Esa batalla contra la imaginación y el miedo que libramos
permanentemente y que en el caso de este hombre se disipaba al llegar a
su trabajo.
¡Pero Jamás imaginó que ese día iba a sentir tanto miedo!
Un miedo que lo paralizó casi por completo, erizándole el cuerpo a tal extremo que se sintió solo piel y huesos.
Un miedo que se multiplicó al ver que sus morenas manos habían cambiado
hacia un color pálido, grisáceo, mortecino y que le hizo dudar hasta
de su rostro.
Ni el frío de ese invierno, ni de otros, llegó a ser tan helado como en ese minuto de su vida.
Se le secó la lengua y su boca se puso amarga, los ojos se llenaron de
gélidas lagrimas que le nublaron aún más la visión ya que la espesa
niebla de esa madrugada solo le dejaba ver siluetas espectrales que
parecían avanzar hacia él.
En ese soplo desesperado se encontró,
sin desearlo jamás, con aquella enorme figura entre humana y lobuna que,
inevitablemente, lo atraparía y con solo un movimiento le arrancaría
un brazo, imaginando un dolor tan grande e intenso, solo semejante al
miedo fatal que estaba sintiendo.
El ser con más de dos metros de
altura poseía una mirada fría y penetrante, con ojos negros, muertos y
vacíos, de cabeza cubierta como una parca sin guadaña. Un destello
rojizo espeluznante proveniente de sus ojos, tan fugaz como un pestañeo,
le daba el único toque de saturación a aquella gris y espesa
madrugada.
El silencio se comparaba a las noches de la vez que
vivió en un obrador en el campo, lejos de la ciudad, obligado por
cuestiones laborales. Aunque aquella vez no estaba solo…
Fue en
ese desconocido momento de sus funciones fisiológicas que recordó, al
igual que otras veces, como su imaginación le mostraba árboles
fantasmagóricos y figuras de espanto en el viejo parque, que se
cerraban a lo alto como una mano capturando un insecto.
Miró
abajo, hacia sus pies de botines pesados, viejos, secos y gastados,
mientras sus manos se apoyaban sobre una pala de punta fina que portaba
para cumplir con su función de ayudante.
Y pensó:
-(¡Calma! El miedo está dentro de mí, no tiene por qué ser visible a los demás).

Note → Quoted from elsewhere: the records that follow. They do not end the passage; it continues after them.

lemma cbinom_esym_sum_eq_sum_sp_char_part1:
  assumes y: "\<forall>j\<in>{1..m}. y j \<noteq> 0" "sp_den m y \<noteq> 0"
  shows "cbinom_esym_sum m (\<lambda>i. y i + inverse (y i)) = (\<Sum>j=0..m div 2. sp_char m (part1 (m - 2 * j)) y)"
proof -
  define w where "w = (\<lambda>j. y (Suc j) + inverse (y (Suc j)))"
  define D where "D = cheb_det m (\<lambda>i. m - i) w"
  define A where "A k = cheb_det m (\<lambda>i. part1 k (Suc i) + m - i) w" for k
  have "D \<noteq> 0" using cheb_det_sp_den_nonzero[OF y] by (simp add: D_def w_def)
  have chi: "sp_char m (part1 k) y = A k / D" for k
    using sp_char_eq_cheb_det_ratio[OF y] by (simp add: D_def w_def A_def)
  have "(\<Sum>i<Suc m. smult ((-1)^(i+m) * A i) (cheb (Suc m - i))) =
      smult ((-1)^m * D) (\<Prod>j<m. [:- w j, 1:])"
  proof -
    have "cheb_det m (\<lambda>i'. Suc m - insert_index i i') w = A i" for i
      unfolding A_def by (rule cheb_det_cong) (auto simp: part1_def insert_index_def)
    then show ?thesis using cheb_det_expansion_poly[of m w] by (simp add: D_def)
  qed
  then have "ct (\<Sum>i<Suc m. smult ((-1)^(i+m) * A i) (cheb (Suc m - i))) =
      ct (smult ((-1)^m * D) (\<Prod>j<m. [:- w j, 1:]))" by simp
  moreover have "ct (\<Sum>i<Suc m. smult ((-1)^(i+m) * A i) (cheb (Suc m - i))) =
      (\<Sum>l=0..m div 2. A (m - 2 * l))"
  proof -
    have "ct (\<Sum>i<Suc m. smult ((-1)^(i+m) * A i) (cheb (Suc m - i))) =
        (\<Sum>i\<in>{0..m}. if even (m - i) then A i else 0)"
      unfolding ct_sum ct_smult ct_cheb by (intro sum.cong) (auto simp: minus_one_power_iff)
    then show ?thesis by (simp only: sum_even_diff_reindex)
  qed
  moreover have "ct (smult ((-1)^m * D) (\<Prod>j<m. [:- w j, 1:])) =
      D * cbinom_esym_sum m (\<lambda>i. y i + inverse (y i))"
  proof -
    have "poly_fls (\<Prod>j<m. [:- w j, 1:]) fls_X_plus_inv =
        (\<Prod>j<m. fls_X_plus_inv - fls_const (y (Suc j) + inverse (y (Suc j))))"
      unfolding poly_fls_prod by (intro prod.cong refl) (simp add: w_def flip: fls_const_uminus)
    then show ?thesis
      using fls_nth_prod_sub_const_eq_cbinom_esym_sum[OF fls_nth_power_X_plus_X_inv[of 1],
          where f = "\<lambda>i. y i + inverse (y i)", simplified]
      by (simp add: ct_smult ct_def)
  qed
  ultimately show ?thesis
    using \<open>D \<noteq> 0\<close> by (simp add: chi sum_divide_distrib[symmetric] field_simps)
qed
lemma edges_of_rtrancl_path:
  assumes "rtrancl_path R x xs y" and R: "R = (\<lambda>a b. (a, b) \<in> adj S ends)"
    and x: "x \<in> V" and S: "S \<subseteq> E" and mg: "multigraph V E ends"
  shows "\<exists>es. length es = length xs \<and> set es \<subseteq> S \<and>
     (\<forall>i<length es. ends (es ! i) = ((x # xs) ! i, (x # xs) ! Suc i) \<or> ends (es ! i) = ((x # xs) ! Suc i, (x # xs) ! i)) \<and>
     set (x # xs) \<subseteq> V \<and> last (x # xs) = y"
  using assms(1) x
proof (induction rule: rtrancl_path.induct)
  case (base x) then show ?case by auto
next
  case (step x z ys y)
  have "(x, z) \<in> adj S ends" using step.hyps(1) R by simp
  then obtain f where f: "f \<in> S" "ends f = (x, z) \<or> ends f = (z, x)" unfolding adj_def by auto
  have zV: "z \<in> V" using \<open>(x, z) \<in> adj S ends\<close> adj_subset[OF mg S] by auto
  obtain es where es: "length es = length ys" "set es \<subseteq> S"
    "\<forall>i<length es. ends (es ! i) = ((z # ys) ! i, (z # ys) ! Suc i) \<or> ends (es ! i) = ((z # ys) ! Suc i, (z # ys) ! i)"
    "set (z # ys) \<subseteq> V" "last (z # ys) = y" using step.IH zV by blast
  show ?case
  proof (intro exI[of _ "f # es"] conjI)
    show "\<forall>i<length (f # es). ends ((f # es) ! i) = ((x # z # ys) ! i, (x # z # ys) ! Suc i) \<or>
        ends ((f # es) ! i) = ((x # z # ys) ! Suc i, (x # z # ys) ! i)"
    proof (intro allI impI)
      fix i assume "i < length (f # es)"
      then show "ends ((f # es) ! i) = ((x # z # ys) ! i, (x # z # ys) ! Suc i) \<or>
        ends ((f # es) ! i) = ((x # z # ys) ! Suc i, (x # z # ys) ! i)"
        using f es(3) by (cases i) auto
    qed
  qed (use es f step.prems in auto)
qed

lemma is_path_of_rtrancl:
  assumes mg: "multigraph V E ends" and S: "S \<subseteq> E" and x: "x \<in> V" and xy: "x \<noteq> y"
    and c: "(x, y) \<in> (adj S ends)\<^sup>*"
  shows "\<exists>es. is_path V E ends x y es \<and> set es \<subseteq> S"
proof -
  have "(\<lambda>a b. (a, b) \<in> adj S ends)\<^sup>*\<^sup>* x y" using c by (simp add: rtranclp_rtrancl_eq)
  then obtain xs where "rtrancl_path (\<lambda>a b. (a, b) \<in> adj S ends) x xs y"
    by (auto simp: rtranclp_eq_rtrancl_path)
  then obtain xs' where p: "rtrancl_path (\<lambda>a b. (a, b) \<in> adj S ends) x xs' y" and d: "distinct (x # xs')"
    by (rule rtrancl_path_distinct)
  obtain es where es: "length es = length xs'" "set es \<subseteq> S"
     "\<forall>i<length es. ends (es ! i) = ((x # xs') ! i, (x # xs') ! Suc i) \<or> ends (es ! i) = ((x # xs') ! Suc i, (x # xs') ! i)"
     "set (x # xs') \<subseteq> V" "last (x # xs') = y"
    using edges_of_rtrancl_path[OF p refl x S mg] by blast
  have "(x # xs') ! length es = y" using es(1) es(5) last_conv_nth[of "x # xs'"] by simp
  moreover have "es ! i \<in> E" if "i < length es" for i using that es(2) S by (meson nth_mem subsetD)
  ultimately have "is_path V E ends x y es"
    unfolding is_path_def using es d by (intro exI[of _ "x # xs'"]) auto
  then show ?thesis using es by blast
qed

lemma is_path_nonempty: "is_path V E ends x y es \<Longrightarrow> x \<noteq> y \<Longrightarrow> es \<noteq> []"
  unfolding is_path_def by auto

lemma is_path_subset: "is_path V E ends x y es \<Longrightarrow> set es \<subseteq> E"
  unfolding is_path_def by (auto simp: in_set_conv_nth)

lemma disjoint_paths_le_card:
  assumes xy: "x \<noteq> y" and fin: "finite E" and len: "length P = k"
    and paths: "\<forall>p\<in>set P. is_path V E ends x y p"
    and dis: "\<forall>i<k. \<forall>j<k. i \<noteq> j \<longrightarrow> set (P ! i) \<inter> set (P ! j) = {}"
  shows "k \<le> card E"
proof -
  have pi: "is_path V E ends x y (P ! i)" if "i < k" for i using paths len that by auto
  have "card (\<Union>i\<in>{..<k}. set (P ! i)) = (\<Sum>i\<in>{..<k}. card (set (P ! i)))"
    using dis by (intro card_UN_disjoint) auto
  also have "\<dots> \<ge> (\<Sum>i\<in>{..<k}. 1)"
    using is_path_nonempty[OF pi xy] by (intro sum_mono) (auto simp: Suc_le_eq card_gt_0_iff)
  moreover have "card (\<Union>i\<in>{..<k}. set (P ! i)) \<le> card E"
    using is_path_subset[OF pi] fin by (intro card_mono) auto
  ultimately show ?thesis by simp
qed

lemma local_edge_conn_ge:
  assumes mg: "multigraph V E ends" and x: "x \<in> V" and xy: "x \<noteq> y"
    and T: "\<And>i. i < n \<Longrightarrow> T i \<subseteq> E \<and> (x, y) \<in> (adj (T i) ends)\<^sup>*"
    and dis: "\<And>i j. i < n \<Longrightarrow> j < n \<Longrightarrow> i \<noteq> j \<Longrightarrow> T i \<inter> T j = {}"
  shows "n \<le> local_edge_conn V E ends x y"
proof -
  have fin: "finite E" using mg unfolding multigraph_def by auto
  have "\<exists>es. is_path V E ends x y es \<and> set es \<subseteq> T i" if "i < n" for i
    using is_path_of_rtrancl[OF mg _ x xy] T[OF that] by blast
  then have "\<forall>i\<in>{..<n}. \<exists>es. is_path V E ends x y es \<and> set es \<subseteq> T i" by blast
  then obtain p where p: "\<forall>i\<in>{..<n}. is_path V E ends x y (p i) \<and> set (p i) \<subseteq> T i"
    by metis
  define P where "P = map p [0..<n]"
  define K where "K = {k. \<exists>P. length P = k \<and> (\<forall>p\<in>set P. is_path V E ends x y p) \<and>
      (\<forall>i<k. \<forall>j<k. i \<noteq> j \<longrightarrow> set (P ! i) \<inter> set (P ! j) = {})}"
  have "n \<in> K" unfolding K_def
  proof (intro CollectI exI[of _ P] conjI allI impI)
    show "length P = n" "\<forall>p\<in>set P. is_path V E ends x y p" unfolding P_def using p by auto
    fix i j assume ij: "i < n" "j < n" "i \<noteq> j"
    then have "set (p i) \<subseteq> T i" "set (p j) \<subseteq> T j" using p by auto
    then show "set (P ! i) \<inter> set (P ! j) = {}" unfolding P_def using dis[OF ij] ij by auto
  qed
  moreover have "K \<subseteq> {..card E}" unfolding K_def using disjoint_paths_le_card[OF xy fin] by auto
  then have "finite K" using finite_subset by blast
  ultimately show ?thesis unfolding local_edge_conn_def K_def[symmetric] by (simp add: Max_ge)
qed
(* Let $m\ge1$, $\vec t=(t_1,\dots,t_m)$ with $t_1<\cdots<t_m$ real, and $\omega_0,\dots,\omega_m$ real with $\sum_{k=0}^\ell\omega_k\ge0$ for $\ell=0,\dots,m$, such that $w(x;\vec t)={\rm e}^{-x^2}\big(\omega_0+\sum_{k=1}^m\omega_k\theta(x-t_k)\big)$ is not identically zero. With $\mathcal L=\sum_{k=1}^m\partial/\partial t_k$ and $R_{n,k},r_{n,k}$ as in the context, for $n\ge1$ and $k=1,\dots,m$, $$\mathcal LR_{n,k}=\Big(\sum_{j=1}^mR_{n,j}-2t_k\Big)R_{n,k}+4r_{n,k},$$ and, where $R_{n,k}\ne0$, $$\mathcal Lr_{n,k}=\frac{2r_{n,k}^2}{R_{n,k}}-\Big(\sum_{j=1}^mr_{n,j}+n\Big)R_{n,k}.$$
   Context: $\theta(y)=1$ for $y>0$ and $0$ otherwise. $P_n(z;\vec t)$ is the monic degree-$n$ polynomial orthogonal w.r.t. $w(\cdot;\vec t)$ on $\mathbb{R}$, $\int P_jP_kw\,dx=h_k\delta_{jk}$, $h_k>0$. For $k=1,\dots,m$: $R_{n,k}(\vec t):=\omega_k{\rm e}^{-t_k^2}P_n(t_k;\vec t)^2/h_n$ and $r_{n,k}(\vec t):=\omega_k{\rm e}^{-t_k^2}P_n(t_k;\vec t)P_{n-1}(t_k;\vec t)/h_{n-1}$. *)

theory Defs
  imports "HOL-Analysis.Analysis" "HOL-Computational_Algebra.Polynomial"
begin

definition theta :: "real \<Rightarrow> real" where
  "theta y = (if y > 0 then 1 else 0)"

text \<open>The weight w(x; t) = exp(-x^2) (omega_0 + sum_{k=1..m} omega_k theta(x - t_k)).
  omega is indexed by 0..m, t by 1..m (other values are irrelevant).\<close>
definition weight :: "nat \<Rightarrow> (nat \<Rightarrow> real) \<Rightarrow> (nat \<Rightarrow> real) \<Rightarrow> real \<Rightarrow> real" where
  "weight m \<omega> t x = exp (- (x^2)) * (\<omega> 0 + (\<Sum>k=1..m. \<omega> k * theta (x - t k)))"

definition wip :: "nat \<Rightarrow> (nat \<Rightarrow> real) \<Rightarrow> (nat \<Rightarrow> real) \<Rightarrow> real poly \<Rightarrow> real poly \<Rightarrow> real" where
  "wip m \<omega> t p q = (LINT x|lborel. poly p x * poly q x * weight m \<omega> t x)"

definition OP :: "nat \<Rightarrow> (nat \<Rightarrow> real) \<Rightarrow> (nat \<Rightarrow> real) \<Rightarrow> nat \<Rightarrow> real poly" where
  "OP m \<omega> t n = (THE p. degree p = n \<and> lead_coeff p = 1 \<and>
       (\<forall>q. degree q < n \<longrightarrow> wip m \<omega> t p q = 0))"

definition hn :: "nat \<Rightarrow> (nat \<Rightarrow> real) \<Rightarrow> (nat \<Rightarrow> real) \<Rightarrow> nat \<Rightarrow> real" where
  "hn m \<omega> t n = wip m \<omega> t (OP m \<omega> t n) (OP m \<omega> t n)"
lemma cubic_separated_block_copy_book_edge:
  assumes "e \<subseteq> {..<N}" "i < j" "j < m" "i' < m" "u' < N"
  shows "cubic_separated (real ` block_copy i j e) (real ` book_edge i' j' u')"
proof (cases "(i', j') = (i, j)")
  case True
  define v where "v = block_start i j + u'"
  define \<delta> where "\<delta> = (if v \<in> block_copy i j e then 0 else 1/2 :: real)"
  have above: "apex j < t" if "t \<in> block_copy i j e" for t
    using that apex_less_block_vertex by (auto simp: block_copy_def)
  have "cubic_separated (real ` block_copy i j e) {real (apex i), real (apex j), real v}"
  proof (rule cubic_separated_beyond_threshold[where c = "real (apex j) + 1/4" and \<delta> = \<delta>])
    show "real (apex i) < real (apex j) + 1/4" "real (apex j) < real (apex j) + 1/4"
      using apex_less[OF assms(2)] by simp_all
    show "real (apex j) + 1/4 < real v" "\<delta> < real v - (real (apex j) + 1/4)"
      using apex_less_block_vertex[of j i u'] by (auto simp: v_def \<delta>_def)
    show "\<forall>t\<in>real ` block_copy i j e. real (apex j) + 1/4 < t"
      using above by force
    have "\<delta> < \<bar>real t - real v\<bar>" if "t \<noteq> v" for t
    proof -
      from that have "real t + 1 \<le> real v \<or> real v + 1 \<le> real t"
        by linarith
      then show ?thesis
        by (auto simp: \<delta>_def)
    qed
    then show "\<forall>t\<in>real ` block_copy i j e. t \<noteq> real v \<longrightarrow> \<delta> < \<bar>t - real v\<bar>"
      by force
    show "0 \<le> \<delta>" "real v \<in> real ` block_copy i j e \<longleftrightarrow> \<delta> = 0"
      by (auto simp: \<delta>_def)
  qed
  with True show ?thesis
    by (simp add: real_book_edge v_def)
next
  case False
  have "i < m"
    using assms(2,3) by simp
  from book_edge_Int_block[OF this assms(4) False assms(5)] block_copy_subset_block[OF assms(1)]
  show ?thesis
    unfolding block_def by (intro cubic_separated_nat_interval)
qed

Reflexiones simples de diálogo interno que lo ayudaban a concluir, cada
vez, el recorrido transversal de aquél solitario lugar.
Respiró
profundo y exhaló fuerte hacia abajo, desde sus tripas, desde su último
contenido de calor humano. Una gran bocanada de vapor más denso que la
misma niebla salió extensa y con potencia, sonando con una tos larga y
ronca.
Aquel cambio de sentido en su imaginación produjo el esperado milagro.
Al levantar la vista, la terrible figura pareció reducirse en tamaño y
no solo eso sino que dio media vuelta y se perdió en la niebla en
sentido contrario, agitando aquella larga y oscura capa en su andar.
Eso fue todo para él, no hubo victima ni victimario, solo un encuentro de dudosa realidad.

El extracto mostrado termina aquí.